lemma card_of_UNIV_real_le_rat_spanning:
  fixes B :: "real set"
  assumes "\<And>y. \<exists>T u. finite T \<and> T \<subseteq> B \<and> (\<Sum>v\<in>T. real_of_rat (u v) * v) = y"
  shows "|UNIV :: real set| \<le>o |B|"
proof -
  define \<phi> where "\<phi> S = (\<Sum>p\<in>S. real_of_rat (fst p) * snd p)" for S :: "(rat \<times> real) set"
  have onto: "UNIV \<subseteq> \<phi> ` Fpow (UNIV \<times> B)"
  proof
    fix y :: real
    obtain T u where T: "finite T" "T \<subseteq> B" "(\<Sum>v\<in>T. real_of_rat (u v) * v) = y"
      using assms by blast
    have "inj_on (\<lambda>v. (u v, v)) T" by (auto simp: inj_on_def)
    then have "\<phi> ((\<lambda>v. (u v, v)) ` T) = y" using T by (simp add: \<phi>_def sum.reindex)
    moreover have "(\<lambda>v. (u v, v)) ` T \<in> Fpow (UNIV \<times> B)" using T by (auto simp: Fpow_def)
    ultimately show "y \<in> \<phi> ` Fpow (UNIV \<times> B)" by blast
  qed
  have "infinite B"
  proof
    assume "finite B"
    then have "countable (Fpow ((UNIV :: rat set) \<times> B))"
      by (intro countable_Fpow countable_SIGMA) (auto intro: countable_finite)
    then show False
      using onto uncountable_UNIV_real by (metis countable_image countable_subset)
  qed
  have "|UNIV :: real set| \<le>o |Fpow ((UNIV :: rat set) \<times> B)|"
    using card_of_mono1[OF onto] card_of_image ordLeq_transitive by blast
  also have "|Fpow ((UNIV :: rat set) \<times> B)| =o |(UNIV :: rat set) \<times> B|"
    using \<open>infinite B\<close> by (intro card_of_Fpow_infinite) (force simp: finite_cartesian_product_iff)
  also have "|(UNIV :: rat set) \<times> B| =o |B|"
  proof -
    have "|UNIV :: rat set| \<le>o |B|"
      using \<open>infinite B\<close> infinite_iff_card_of_countable[of "UNIV :: rat set" B]
      by (simp add: infinite_UNIV_char_0)
    then show ?thesis using card_of_Times_infinite[OF \<open>infinite B\<close> UNIV_not_empty] by blast
  qed
  finally show ?thesis .
qed

lemma exists_int_independent_continuum:
  obtains H :: "real set" where "int_independent_on H id" "|H| =o |UNIV :: real set|"
proof -
  interpret Q: vector_space "\<lambda>q (x::real). real_of_rat q * x"
    by unfold_locales (auto simp: algebra_simps of_rat_add of_rat_mult)
  obtain B where B: "Q.independent B" "UNIV \<subseteq> Q.span B"
    by (rule Q.basis_exists[of UNIV])
  have "int_independent_on B id"
    unfolding int_independent_on_def
  proof (intro allI impI ballI)
    fix T u g
    assume T: "finite T \<and> T \<subseteq> B \<and> (\<Sum>g\<in>T. real_of_int (u g) * id g) = 0" and "g \<in> T"
    then have "(\<Sum>v\<in>T. real_of_rat (of_int (u v)) * v) = 0" by simp
    then show "u g = 0"
      using Q.independentD[OF B(1), of T "\<lambda>v. of_int (u v)" g] T \<open>g \<in> T\<close> by simp
  qed
  moreover have "|UNIV :: real set| \<le>o |B|"
  proof (rule card_of_UNIV_real_le_rat_spanning)
    fix y :: real
    have "y \<in> Q.span B" using B(2) by blast
    then show "\<exists>T u. finite T \<and> T \<subseteq> B \<and> (\<Sum>v\<in>T. real_of_rat (u v) * v) = y"
      unfolding Q.span_explicit by blast
  qed
  then have "|B| =o |UNIV :: real set|" by (simp add: ordIso_iff_ordLeq)
  ultimately show thesis using that by blast
qed

section \<open>Polynomials in exponential generators\<close>

lemma exp_sums_linearly_independent:
  fixes c w :: "'m \<Rightarrow> real"
  assumes "finite M" "inj_on w M" "a < b"
    and "\<And>t. t \<in> {a<..<b} \<Longrightarrow> (\<Sum>m\<in>M. c m * exp (w m * t)) = 0"
  shows "\<forall>m\<in>M. c m = 0"
  using assms
proof (induction M arbitrary: c rule: finite_induct)
  case empty
  then show ?case by simp
next
  case (insert \<mu> M)
  \<comment> \<open>multiplying by \<open>exp (- w \<mu> * t)\<close> and differentiating kills the \<open>\<mu>\<close>-term
    and scales the others by \<open>w m - w \<mu> \<noteq> 0\<close>\<close>
  define h where "h t = (\<Sum>m\<in>insert \<mu> M. c m * exp ((w m - w \<mu>) * t))" for t
  define h' where "h' t = (\<Sum>m\<in>insert \<mu> M. c m * (w m - w \<mu>) * exp ((w m - w \<mu>) * t))" for t
  have h_eq: "h t = exp (- w \<mu> * t) * (\<Sum>m\<in>insert \<mu> M. c m * exp (w m * t))" for t
    unfolding h_def sum_distrib_left by (intro sum.cong refl) (simp add: mult_exp_exp algebra_simps)
  have h'_eq: "h' t = exp (- w \<mu> * t) * (\<Sum>m\<in>M. (c m * (w m - w \<mu>)) * exp (w m * t))" for t
    unfolding h'_def sum_distrib_left using insert.hyps
    by (simp, intro sum.cong refl) (simp add: mult_exp_exp algebra_simps)
  have "((\<lambda>t. c m * exp ((w m - w \<mu>) * t)) has_field_derivative
      c m * (w m - w \<mu>) * exp ((w m - w \<mu>) * t)) (at t)" for m t
    by (auto intro!: derivative_eq_intros)
  then have deriv: "(h has_field_derivative h' t) (at t)" for t
    unfolding h_def h'_def by (rule DERIV_sum)
  have h0: "h t = 0" if "t \<in> {a<..<b}" for t
    using h_eq insert.prems(3) that by simp
  have "h' t = 0" if t: "t \<in> {a<..<b}" for t
  proof (rule DERIV_local_const[OF deriv, where d="min (t - a) (b - t)"])
    show "0 < min (t - a) (b - t)" using t by auto
    show "\<forall>y. \<bar>t - y\<bar> < min (t - a) (b - t) \<longrightarrow> h t = h y"
      using t h0 by (auto simp: abs_less_iff)
  qed
  then have "\<forall>m\<in>M. c m * (w m - w \<mu>) = 0"
    using insert.IH[of "\<lambda>m. c m * (w m - w \<mu>)"] insert.prems h'_eq by (simp add: inj_on_insert)
  moreover have "w m \<noteq> w \<mu>" if "m \<in> M" for m
    using insert.prems(1) insert.hyps(2) that by (auto simp: inj_on_def)
  ultimately have cM: "\<forall>m\<in>M. c m = 0" by simp
  have "c \<mu> * exp (w \<mu> * ((a + b) / 2)) = 0"
    using insert.prems(3)[of "(a + b) / 2"] insert.prems(2) insert.hyps cM by simp
  then show ?case using cM by simp
qed

definition frequency :: "('g \<Rightarrow> real) \<Rightarrow> ('g \<Rightarrow> nat) \<Rightarrow> real" where
  "frequency \<xi> m = (\<Sum>g | m g \<noteq> 0. real (m g) * \<xi> g)"

lemma frequency_eq_sum:
  "finite T \<Longrightarrow> {g. m g \<noteq> 0} \<subseteq> T \<Longrightarrow> frequency \<xi> m = (\<Sum>g\<in>T. real (m g) * \<xi> g)"
  unfolding frequency_def by (rule sum.mono_neutral_left) auto

lemma inj_on_frequency:
  assumes "int_independent_on X \<xi>"
  shows "inj_on (frequency \<xi>) {m. finite {g. m g \<noteq> 0} \<and> {g. m g \<noteq> 0} \<subseteq> X}"
proof (rule inj_onI)
  fix m m'
  assume m: "m \<in> {m. finite {g. m g \<noteq> 0} \<and> {g. m g \<noteq> 0} \<subseteq> X}"
    and m': "m' \<in> {m. finite {g. m g \<noteq> 0} \<and> {g. m g \<noteq> 0} \<subseteq> X}"
    and eq: "frequency \<xi> m = frequency \<xi> m'"
  define T where "T = {g. m g \<noteq> 0} \<union> {g. m' g \<noteq> 0}"
  have T: "finite T" "T \<subseteq> X" using m m' by (auto simp: T_def)
  have "(\<Sum>g\<in>T. real_of_int (int (m g) - int (m' g)) * \<xi> g) = frequency \<xi> m - frequency \<xi> m'"
    using T by (simp add: frequency_eq_sum[of T] T_def left_diff_distrib sum_subtractf)
  then have "int (m g) - int (m' g) = 0" if "g \<in> T" for g
    using int_independent_onD[OF assms T, of "\<lambda>g. int (m g) - int (m' g)"] eq that by simp
  then have "m g = m' g" for g
    by (cases "g \<in> T") (auto simp: T_def)
  then show "m = m'" ..
qed

lemma exists_exp_polynomial_nonzero:
  assumes c: "nonconst_poly_over X c" and "int_independent_on X \<xi>"
  shows "\<exists>t\<in>{0<..<1}. (\<Sum>m | c m \<noteq> 0. c m * exp (frequency \<xi> m * t)) \<noteq> 0"
proof (rule ccontr)
  assume vanish: "\<not> ?thesis"
  have M: "finite {m. c m \<noteq> 0}" "{m. c m \<noteq> 0} \<noteq> {}"
    and supp: "{m. c m \<noteq> 0} \<subseteq> {m. finite {g. m g \<noteq> 0} \<and> {g. m g \<noteq> 0} \<subseteq> X}"
    using c unfolding nonconst_poly_over_def by auto
  have "inj_on (frequency \<xi>) {m. c m \<noteq> 0}"
    by (rule inj_on_subset[OF inj_on_frequency[OF assms(2)] supp])
  then have "\<forall>m\<in>{m. c m \<noteq> 0}. c m = 0"
    by (rule exp_sums_linearly_independent[OF M(1) _ zero_less_one]) (use vanish in blast)
  then show False
    using M(2) by auto
qed

lemma poly_eval_masked_exponentials:
  assumes c: "nonconst_poly_over X c"
    and X: "\<And>g a t. g \<in> X \<Longrightarrow> g a t = (if t \<in> D a then exp (\<xi> g * t) else 0)"
  shows "poly_eval c a t =
    (if t \<in> D a then (\<Sum>m | c m \<noteq> 0. c m * exp (frequency \<xi> m * t)) else 0)"
proof (cases "t \<in> D a")
  case True
  have "(\<Prod>g | m g \<noteq> 0. g a t ^ m g) = exp (frequency \<xi> m * t)" if "c m \<noteq> 0" for m
  proof -
    have supp: "finite {g. m g \<noteq> 0}" "{g. m g \<noteq> 0} \<subseteq> X"
      using c that unfolding nonconst_poly_over_def by auto
    have "g a t ^ m g = exp (real (m g) * \<xi> g * t)" if "m g \<noteq> 0" for g
      using X[of g] supp that True by (auto simp: exp_of_nat_mult[symmetric] mult.assoc)
    then have "(\<Prod>g | m g \<noteq> 0. g a t ^ m g) = (\<Prod>g | m g \<noteq> 0. exp (real (m g) * \<xi> g * t))"
      by (intro prod.cong refl) simp
    also have "\<dots> = exp (frequency \<xi> m * t)"
      using supp by (simp add: frequency_def exp_sum sum_distrib_right)
    finally show ?thesis .
  qed
  then show ?thesis
    using True by (simp add: poly_eval_def)
next
  case False
  \<comment> \<open>no constant term: every monomial contains a generator, and all generators vanish here\<close>
  have "(\<Prod>g | m g \<noteq> 0. g a t ^ m g) = 0" if "c m \<noteq> 0" for m
  proof -
    have supp: "finite {g. m g \<noteq> 0}" "{g. m g \<noteq> 0} \<noteq> {}" "{g. m g \<noteq> 0} \<subseteq> X"
      using c that unfolding nonconst_poly_over_def by auto
    then obtain g where g: "m g \<noteq> 0" "g \<in> X" by auto
    then have "g a t = 0" using X[of g a t] False by simp
    then have "g a t ^ m g = 0" using g(1) by simp
    then show ?thesis
      using g(1) by (intro prod_zero[OF supp(1)] bexI[of _ g]) simp_all
  qed
  then show ?thesis
    using False by (simp add: poly_eval_def)
qed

· · · · ·

### Required action
Scan the lines above for "real_of_int (int (m" and for "using int_independent_onD[OF assms". Repeat exactly the line holding each of them and every line in between.

### Solution to this exercise
  have "(\<Sum>g\<in>T. real_of_int (int (m g) - int (m' g)) * \<xi> g) = frequency \<xi> m - frequency \<xi> m'"
    using T by (simp add: frequency_eq_sum[of T] T_def left_diff_distrib sum_subtractf)
  then have "int (m g) - int (m' g) = 0" if "g \<in> T" for g
    using int_independent_onD[OF assms T, of "\<lambda>g. int (m g) - int (m' g)"] eq that by simp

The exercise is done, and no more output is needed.